theorem theorem7p2:
  fixes r m :: "nat \<Rightarrow> nat"
  assumes "\<forall>n. r n \<ge> 3"
    and "(\<lambda>n. real (r n)) \<in> o(\<lambda>n. sqrt (real n))"
    and "\<forall>\<^sub>F n in at_top. ln (real n / (real (r n))\<^sup>2) \<le> real (m n)"
    and "(\<lambda>n. real (m n)) \<in> O(\<lambda>n. real n / (real (r n))\<^sup>2)"
  shows "(\<lambda>n. 1 - real (card (hypergraphs_plus (r n) n (m n))) / real (card (hypergraphs (r n) n (m n))))
           \<in> O(\<lambda>n. (real (r n))^6 * (real (m n))\<^sup>2 / (real n)^3) \<and>
         (\<lambda>n. 1 - real (card (hypergraphs_pplus (r n) n (m n))) / real (card (hypergraphs (r n) n (m n))))
           \<in> O(\<lambda>n. (real (r n))^6 * (real (m n))\<^sup>2 / (real n)^3)"
proof -
  obtain c where c: "eventually (\<lambda>n. norm (real (m n)) \<le> c * norm (real n / (real (r n))\<^sup>2)) at_top"
    using assms(4) by (rule landau_o.bigE)
  define K where "K = max 1 c"
  obtain k0 where k0: "\<forall>k\<ge>k0. (K\<^sup>2 * exp 2) ^ k \<le> fact k"
    using eventually_power_le_fact unfolding eventually_sequentially by blast
  have "eventually (\<lambda>n. max K (exp (max 1 (real k0))) \<le> real n / (real (r n))\<^sup>2) at_top"
    using assms(1,2) by (intro eventually_le_div_square) (auto simp: K_def intro: order.strict_trans2 less_le_trans[of 0 3])
  with c have "eventually (\<lambda>n.
      \<bar>1 - real (card (hypergraphs_plus (r n) n (m n))) / real (card (hypergraphs (r n) n (m n)))\<bar>
        \<le> (3 + K + 2 * K\<^sup>2) * \<bar>(real (r n))^6 * (real (m n))\<^sup>2 / (real n)^3\<bar> \<and>
      \<bar>1 - real (card (hypergraphs_pplus (r n) n (m n))) / real (card (hypergraphs (r n) n (m n)))\<bar>
        \<le> (3 + K + 2 * K\<^sup>2) * \<bar>(real (r n))^6 * (real (m n))\<^sup>2 / (real n)^3\<bar>) at_top"
  proof eventually_elim
    case (elim n)
    define t where "t = real n / (real (r n))\<^sup>2"
    have "K \<le> t" "exp (max 1 (real k0)) \<le> t"
      using elim(2) unfolding t_def by simp_all
    moreover have "exp 1 \<le> exp (max 1 (real k0))" "exp (real k0) \<le> exp (max 1 (real k0))"
      by simp_all
    ultimately have t: "K \<le> t" "exp 1 \<le> t" "exp (real k0) \<le> t" "0 < t"
      using exp_gt_zero[of 1] by linarith+
    have "real (m n) \<le> c * t"
      using elim(1) t(4) by (simp add: t_def)
    also have "\<dots> \<le> K * t"
      using t(4) unfolding K_def by (intro mult_right_mono) simp_all
    finally have "real (m n) \<le> K * t" .
    moreover have "\<forall>k. ln t \<le> real k \<longrightarrow> (K\<^sup>2 * exp 2) ^ k \<le> fact k"
      using k0 t(3,4) by (metis exp_le_cancel_iff exp_ln of_nat_le_iff order_trans)
    ultimately show ?case
      using hypergraphs_plus_ratio_le[of "r n" K n "m n"] assms(1) t unfolding t_def K_def by simp
  qed
  then show ?thesis
    by (auto intro!: landau_o.bigI[of "3 + K + 2 * K\<^sup>2"] elim: eventually_mono simp: K_def add_pos_nonneg)
qed

end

§ §

Search the material above for the string "auto", and copy every line in which it turns up.

    using assms(1,2) by (intro eventually_le_div_square) (auto simp: K_def intro: order.strict_trans2 less_le_trans[of 0 3])
    by (auto intro!: landau_o.bigI[of "3 + K + 2 * K\<^sup>2"] elim: eventually_mono simp: K_def add_pos_nonneg)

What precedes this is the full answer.